### Assignment
Please restate, exactly as written, the lines running from the beginning of the material through the line that has "by (rule inj_onI) (metis e_def)" in it.

= = = = = = =

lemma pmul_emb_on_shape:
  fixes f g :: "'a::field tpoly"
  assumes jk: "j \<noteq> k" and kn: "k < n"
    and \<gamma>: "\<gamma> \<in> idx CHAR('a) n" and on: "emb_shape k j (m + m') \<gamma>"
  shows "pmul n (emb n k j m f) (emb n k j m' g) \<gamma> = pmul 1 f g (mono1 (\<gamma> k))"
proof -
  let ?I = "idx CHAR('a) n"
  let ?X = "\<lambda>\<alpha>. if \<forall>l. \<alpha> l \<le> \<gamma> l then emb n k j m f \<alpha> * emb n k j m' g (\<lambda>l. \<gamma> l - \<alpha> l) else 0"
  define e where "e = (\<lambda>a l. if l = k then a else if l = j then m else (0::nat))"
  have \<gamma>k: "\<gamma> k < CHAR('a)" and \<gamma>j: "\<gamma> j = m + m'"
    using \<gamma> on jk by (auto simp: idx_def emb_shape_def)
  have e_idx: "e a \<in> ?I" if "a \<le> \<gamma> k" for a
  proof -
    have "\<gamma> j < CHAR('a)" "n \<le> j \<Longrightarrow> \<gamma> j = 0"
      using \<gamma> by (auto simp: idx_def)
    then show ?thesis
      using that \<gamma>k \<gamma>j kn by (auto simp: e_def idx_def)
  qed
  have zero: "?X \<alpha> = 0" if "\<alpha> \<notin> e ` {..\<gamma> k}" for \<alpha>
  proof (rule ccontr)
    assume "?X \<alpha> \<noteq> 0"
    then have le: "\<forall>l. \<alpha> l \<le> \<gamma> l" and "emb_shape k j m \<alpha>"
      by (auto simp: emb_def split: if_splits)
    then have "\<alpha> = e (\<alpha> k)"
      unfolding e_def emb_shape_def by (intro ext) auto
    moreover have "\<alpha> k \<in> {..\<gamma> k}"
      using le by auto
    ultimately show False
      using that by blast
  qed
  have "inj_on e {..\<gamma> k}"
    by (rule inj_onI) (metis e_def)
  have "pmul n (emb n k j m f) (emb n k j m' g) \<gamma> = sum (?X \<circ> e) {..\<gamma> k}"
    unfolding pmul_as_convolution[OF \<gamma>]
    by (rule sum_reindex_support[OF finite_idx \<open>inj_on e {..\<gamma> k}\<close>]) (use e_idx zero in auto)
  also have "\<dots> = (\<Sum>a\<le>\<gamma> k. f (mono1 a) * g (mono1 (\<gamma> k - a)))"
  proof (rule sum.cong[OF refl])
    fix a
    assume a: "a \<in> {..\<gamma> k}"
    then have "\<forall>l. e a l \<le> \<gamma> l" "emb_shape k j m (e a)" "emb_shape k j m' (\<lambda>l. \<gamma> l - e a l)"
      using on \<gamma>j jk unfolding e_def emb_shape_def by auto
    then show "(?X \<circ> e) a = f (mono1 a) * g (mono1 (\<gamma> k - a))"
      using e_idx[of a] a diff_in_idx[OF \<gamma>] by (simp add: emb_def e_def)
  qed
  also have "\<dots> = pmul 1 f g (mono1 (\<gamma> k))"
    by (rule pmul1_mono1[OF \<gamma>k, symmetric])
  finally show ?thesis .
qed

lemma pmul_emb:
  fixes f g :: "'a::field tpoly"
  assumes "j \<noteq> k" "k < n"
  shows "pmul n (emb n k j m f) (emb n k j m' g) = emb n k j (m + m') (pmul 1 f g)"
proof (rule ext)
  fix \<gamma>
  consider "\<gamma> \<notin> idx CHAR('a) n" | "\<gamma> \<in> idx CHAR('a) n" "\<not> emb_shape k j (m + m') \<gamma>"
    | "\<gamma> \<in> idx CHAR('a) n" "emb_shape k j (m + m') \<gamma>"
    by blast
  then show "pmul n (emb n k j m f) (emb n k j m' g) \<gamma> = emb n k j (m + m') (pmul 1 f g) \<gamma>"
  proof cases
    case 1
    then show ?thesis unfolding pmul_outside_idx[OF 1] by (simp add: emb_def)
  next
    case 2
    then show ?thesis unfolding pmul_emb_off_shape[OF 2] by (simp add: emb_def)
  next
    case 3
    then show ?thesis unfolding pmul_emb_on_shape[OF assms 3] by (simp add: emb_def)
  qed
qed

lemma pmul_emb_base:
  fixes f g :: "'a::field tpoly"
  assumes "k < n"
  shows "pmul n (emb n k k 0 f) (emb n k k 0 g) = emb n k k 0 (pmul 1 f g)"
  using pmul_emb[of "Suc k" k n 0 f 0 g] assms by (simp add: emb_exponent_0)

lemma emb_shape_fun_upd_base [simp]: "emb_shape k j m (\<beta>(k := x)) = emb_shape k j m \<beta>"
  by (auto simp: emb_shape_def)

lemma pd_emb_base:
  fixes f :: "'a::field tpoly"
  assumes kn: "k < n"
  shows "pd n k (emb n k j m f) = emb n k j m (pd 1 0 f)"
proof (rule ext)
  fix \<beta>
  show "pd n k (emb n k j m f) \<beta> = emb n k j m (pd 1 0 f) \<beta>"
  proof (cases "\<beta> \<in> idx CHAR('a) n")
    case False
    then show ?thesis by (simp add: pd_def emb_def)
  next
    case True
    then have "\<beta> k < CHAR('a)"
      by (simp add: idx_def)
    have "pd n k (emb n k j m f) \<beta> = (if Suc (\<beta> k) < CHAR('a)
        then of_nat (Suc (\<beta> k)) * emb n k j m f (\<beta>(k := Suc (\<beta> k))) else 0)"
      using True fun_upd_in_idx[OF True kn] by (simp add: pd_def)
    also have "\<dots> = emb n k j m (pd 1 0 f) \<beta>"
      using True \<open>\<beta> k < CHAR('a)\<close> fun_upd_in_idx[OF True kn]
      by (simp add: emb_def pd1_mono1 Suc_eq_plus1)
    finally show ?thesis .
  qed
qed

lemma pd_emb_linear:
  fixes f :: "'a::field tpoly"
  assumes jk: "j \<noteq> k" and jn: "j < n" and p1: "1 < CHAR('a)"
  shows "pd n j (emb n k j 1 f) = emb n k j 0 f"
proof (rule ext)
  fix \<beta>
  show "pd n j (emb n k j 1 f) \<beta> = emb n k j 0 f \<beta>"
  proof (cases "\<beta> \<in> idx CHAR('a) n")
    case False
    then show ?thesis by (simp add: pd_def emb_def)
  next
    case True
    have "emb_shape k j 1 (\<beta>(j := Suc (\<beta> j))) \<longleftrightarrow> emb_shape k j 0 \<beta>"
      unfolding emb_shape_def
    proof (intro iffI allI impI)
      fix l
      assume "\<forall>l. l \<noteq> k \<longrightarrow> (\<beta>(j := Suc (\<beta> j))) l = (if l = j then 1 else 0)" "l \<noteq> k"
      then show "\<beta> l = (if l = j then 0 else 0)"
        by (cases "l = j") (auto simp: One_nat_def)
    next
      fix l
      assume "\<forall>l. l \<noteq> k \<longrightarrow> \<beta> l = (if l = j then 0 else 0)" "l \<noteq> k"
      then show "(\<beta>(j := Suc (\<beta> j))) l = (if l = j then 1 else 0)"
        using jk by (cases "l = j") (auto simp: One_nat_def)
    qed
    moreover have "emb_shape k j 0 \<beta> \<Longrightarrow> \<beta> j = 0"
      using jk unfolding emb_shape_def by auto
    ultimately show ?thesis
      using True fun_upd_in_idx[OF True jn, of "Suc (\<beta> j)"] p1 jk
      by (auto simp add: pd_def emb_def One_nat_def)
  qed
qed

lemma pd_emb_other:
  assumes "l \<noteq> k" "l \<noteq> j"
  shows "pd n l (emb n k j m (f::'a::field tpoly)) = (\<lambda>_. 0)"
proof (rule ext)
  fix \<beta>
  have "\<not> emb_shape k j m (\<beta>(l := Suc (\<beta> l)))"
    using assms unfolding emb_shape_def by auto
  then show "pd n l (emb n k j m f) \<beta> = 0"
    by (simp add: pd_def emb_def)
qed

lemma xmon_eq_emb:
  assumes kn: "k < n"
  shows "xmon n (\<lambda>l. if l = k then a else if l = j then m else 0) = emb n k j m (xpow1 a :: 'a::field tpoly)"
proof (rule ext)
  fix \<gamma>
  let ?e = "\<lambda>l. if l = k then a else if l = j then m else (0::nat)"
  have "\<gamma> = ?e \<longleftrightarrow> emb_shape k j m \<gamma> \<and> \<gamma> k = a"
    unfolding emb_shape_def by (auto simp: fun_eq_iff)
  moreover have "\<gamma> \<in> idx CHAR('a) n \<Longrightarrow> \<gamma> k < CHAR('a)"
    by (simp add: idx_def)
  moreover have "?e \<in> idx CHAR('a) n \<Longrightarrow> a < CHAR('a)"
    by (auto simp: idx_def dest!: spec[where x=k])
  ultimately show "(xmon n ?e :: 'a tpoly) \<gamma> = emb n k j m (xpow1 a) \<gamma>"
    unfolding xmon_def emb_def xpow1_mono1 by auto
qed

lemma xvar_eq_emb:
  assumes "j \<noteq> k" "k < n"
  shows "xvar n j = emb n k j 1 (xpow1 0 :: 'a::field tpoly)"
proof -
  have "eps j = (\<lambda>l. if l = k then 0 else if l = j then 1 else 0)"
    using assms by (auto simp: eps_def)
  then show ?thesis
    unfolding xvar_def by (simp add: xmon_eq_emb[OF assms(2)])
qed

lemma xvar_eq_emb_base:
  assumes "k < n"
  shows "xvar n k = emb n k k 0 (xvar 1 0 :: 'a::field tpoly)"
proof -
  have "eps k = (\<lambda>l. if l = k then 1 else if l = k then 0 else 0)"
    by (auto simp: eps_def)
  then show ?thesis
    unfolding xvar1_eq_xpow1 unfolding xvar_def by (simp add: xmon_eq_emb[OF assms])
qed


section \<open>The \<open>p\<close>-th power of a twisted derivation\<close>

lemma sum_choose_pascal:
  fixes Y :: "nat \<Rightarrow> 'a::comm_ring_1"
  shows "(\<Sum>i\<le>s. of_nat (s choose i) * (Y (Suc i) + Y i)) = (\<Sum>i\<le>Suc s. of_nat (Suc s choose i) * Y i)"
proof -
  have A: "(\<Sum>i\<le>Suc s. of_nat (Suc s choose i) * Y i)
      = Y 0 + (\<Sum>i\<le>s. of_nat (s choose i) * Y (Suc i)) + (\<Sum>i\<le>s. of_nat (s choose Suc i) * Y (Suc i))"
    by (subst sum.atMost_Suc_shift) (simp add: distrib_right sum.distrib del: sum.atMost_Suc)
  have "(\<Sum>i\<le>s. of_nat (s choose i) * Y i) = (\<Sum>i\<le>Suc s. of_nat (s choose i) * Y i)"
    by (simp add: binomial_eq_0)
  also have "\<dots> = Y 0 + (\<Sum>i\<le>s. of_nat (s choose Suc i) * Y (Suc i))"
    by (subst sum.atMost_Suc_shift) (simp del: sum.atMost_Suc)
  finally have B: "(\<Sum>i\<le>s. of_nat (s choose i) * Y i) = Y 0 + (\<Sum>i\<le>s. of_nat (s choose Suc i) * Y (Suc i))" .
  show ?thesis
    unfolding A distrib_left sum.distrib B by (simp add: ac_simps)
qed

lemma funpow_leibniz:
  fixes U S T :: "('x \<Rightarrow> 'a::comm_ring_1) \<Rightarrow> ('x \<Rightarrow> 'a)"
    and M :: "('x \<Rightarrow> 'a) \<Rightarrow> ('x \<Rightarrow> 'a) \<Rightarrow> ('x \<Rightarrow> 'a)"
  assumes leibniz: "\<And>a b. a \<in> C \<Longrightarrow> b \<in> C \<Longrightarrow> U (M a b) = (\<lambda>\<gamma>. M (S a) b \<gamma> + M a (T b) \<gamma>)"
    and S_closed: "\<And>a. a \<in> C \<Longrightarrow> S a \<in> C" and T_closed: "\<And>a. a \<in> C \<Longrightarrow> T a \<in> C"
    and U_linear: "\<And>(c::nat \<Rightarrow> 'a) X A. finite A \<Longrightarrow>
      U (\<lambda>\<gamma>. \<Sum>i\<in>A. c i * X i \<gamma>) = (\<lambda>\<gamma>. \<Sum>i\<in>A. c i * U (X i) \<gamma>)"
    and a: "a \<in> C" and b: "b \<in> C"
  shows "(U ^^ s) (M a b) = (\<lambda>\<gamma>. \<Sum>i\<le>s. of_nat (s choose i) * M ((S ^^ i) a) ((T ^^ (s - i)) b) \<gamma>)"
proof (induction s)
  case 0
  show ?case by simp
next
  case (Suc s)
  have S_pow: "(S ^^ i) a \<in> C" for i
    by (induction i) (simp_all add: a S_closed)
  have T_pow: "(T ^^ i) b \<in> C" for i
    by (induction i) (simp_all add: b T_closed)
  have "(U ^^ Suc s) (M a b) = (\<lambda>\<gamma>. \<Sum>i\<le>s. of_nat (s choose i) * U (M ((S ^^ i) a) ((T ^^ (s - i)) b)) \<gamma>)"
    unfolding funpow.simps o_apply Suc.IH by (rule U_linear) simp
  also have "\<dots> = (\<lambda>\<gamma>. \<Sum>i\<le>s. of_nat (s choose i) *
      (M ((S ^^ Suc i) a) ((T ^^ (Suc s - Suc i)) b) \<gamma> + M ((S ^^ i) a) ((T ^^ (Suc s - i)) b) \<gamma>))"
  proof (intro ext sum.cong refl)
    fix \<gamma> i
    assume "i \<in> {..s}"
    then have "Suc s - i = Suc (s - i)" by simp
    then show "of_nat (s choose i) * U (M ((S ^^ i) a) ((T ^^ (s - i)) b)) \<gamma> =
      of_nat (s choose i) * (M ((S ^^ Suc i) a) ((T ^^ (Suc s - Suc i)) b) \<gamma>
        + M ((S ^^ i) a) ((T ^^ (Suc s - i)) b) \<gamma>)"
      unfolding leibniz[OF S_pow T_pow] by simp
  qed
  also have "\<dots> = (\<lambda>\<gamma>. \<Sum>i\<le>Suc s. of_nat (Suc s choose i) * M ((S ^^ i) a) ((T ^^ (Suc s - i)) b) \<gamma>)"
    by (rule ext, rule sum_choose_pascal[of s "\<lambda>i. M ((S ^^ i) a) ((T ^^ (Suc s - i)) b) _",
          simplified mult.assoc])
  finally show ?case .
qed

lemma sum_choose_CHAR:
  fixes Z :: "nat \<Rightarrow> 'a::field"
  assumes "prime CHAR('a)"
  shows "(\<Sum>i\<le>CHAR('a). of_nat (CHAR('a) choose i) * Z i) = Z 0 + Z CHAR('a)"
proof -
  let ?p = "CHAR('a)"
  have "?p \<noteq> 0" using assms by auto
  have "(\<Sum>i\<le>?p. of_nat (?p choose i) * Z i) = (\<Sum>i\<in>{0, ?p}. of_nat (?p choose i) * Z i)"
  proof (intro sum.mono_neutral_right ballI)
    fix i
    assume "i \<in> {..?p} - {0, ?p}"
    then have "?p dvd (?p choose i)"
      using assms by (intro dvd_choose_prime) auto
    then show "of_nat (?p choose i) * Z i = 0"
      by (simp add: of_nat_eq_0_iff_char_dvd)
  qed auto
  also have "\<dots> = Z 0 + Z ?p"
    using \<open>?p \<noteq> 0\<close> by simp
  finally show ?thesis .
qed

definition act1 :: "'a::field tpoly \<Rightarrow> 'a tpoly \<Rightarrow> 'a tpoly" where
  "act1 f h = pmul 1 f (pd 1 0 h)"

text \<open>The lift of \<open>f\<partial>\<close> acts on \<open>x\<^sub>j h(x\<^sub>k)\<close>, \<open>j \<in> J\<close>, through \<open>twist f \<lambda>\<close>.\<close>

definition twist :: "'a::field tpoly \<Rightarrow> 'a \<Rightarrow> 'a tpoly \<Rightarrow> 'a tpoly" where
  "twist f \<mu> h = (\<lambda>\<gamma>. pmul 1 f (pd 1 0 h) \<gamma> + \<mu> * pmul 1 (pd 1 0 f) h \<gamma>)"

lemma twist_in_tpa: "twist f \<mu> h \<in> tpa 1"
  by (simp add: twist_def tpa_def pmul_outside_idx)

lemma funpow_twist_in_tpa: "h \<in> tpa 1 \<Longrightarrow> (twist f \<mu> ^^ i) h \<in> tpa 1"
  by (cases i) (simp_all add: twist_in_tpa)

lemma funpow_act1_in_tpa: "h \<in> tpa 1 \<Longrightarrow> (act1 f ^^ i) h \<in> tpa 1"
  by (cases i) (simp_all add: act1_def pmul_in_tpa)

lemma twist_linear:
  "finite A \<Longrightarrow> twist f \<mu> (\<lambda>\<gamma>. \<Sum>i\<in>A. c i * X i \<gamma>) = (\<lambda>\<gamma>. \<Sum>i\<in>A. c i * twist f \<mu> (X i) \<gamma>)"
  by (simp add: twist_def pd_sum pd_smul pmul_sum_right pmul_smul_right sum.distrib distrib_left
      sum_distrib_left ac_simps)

= = = = = = =

### Exercise response
lemma pmul_emb_on_shape:
  fixes f g :: "'a::field tpoly"
  assumes jk: "j \<noteq> k" and kn: "k < n"
    and \<gamma>: "\<gamma> \<in> idx CHAR('a) n" and on: "emb_shape k j (m + m') \<gamma>"
  shows "pmul n (emb n k j m f) (emb n k j m' g) \<gamma> = pmul 1 f g (mono1 (\<gamma> k))"
proof -
  let ?I = "idx CHAR('a) n"
  let ?X = "\<lambda>\<alpha>. if \<forall>l. \<alpha> l \<le> \<gamma> l then emb n k j m f \<alpha> * emb n k j m' g (\<lambda>l. \<gamma> l - \<alpha> l) else 0"
  define e where "e = (\<lambda>a l. if l = k then a else if l = j then m else (0::nat))"
  have \<gamma>k: "\<gamma> k < CHAR('a)" and \<gamma>j: "\<gamma> j = m + m'"
    using \<gamma> on jk by (auto simp: idx_def emb_shape_def)
  have e_idx: "e a \<in> ?I" if "a \<le> \<gamma> k" for a
  proof -
    have "\<gamma> j < CHAR('a)" "n \<le> j \<Longrightarrow> \<gamma> j = 0"
      using \<gamma> by (auto simp: idx_def)
    then show ?thesis
      using that \<gamma>k \<gamma>j kn by (auto simp: e_def idx_def)
  qed
  have zero: "?X \<alpha> = 0" if "\<alpha> \<notin> e ` {..\<gamma> k}" for \<alpha>
  proof (rule ccontr)
    assume "?X \<alpha> \<noteq> 0"
    then have le: "\<forall>l. \<alpha> l \<le> \<gamma> l" and "emb_shape k j m \<alpha>"
      by (auto simp: emb_def split: if_splits)
    then have "\<alpha> = e (\<alpha> k)"
      unfolding e_def emb_shape_def by (intro ext) auto
    moreover have "\<alpha> k \<in> {..\<gamma> k}"
      using le by auto
    ultimately show False
      using that by blast
  qed
  have "inj_on e {..\<gamma> k}"
    by (rule inj_onI) (metis e_def)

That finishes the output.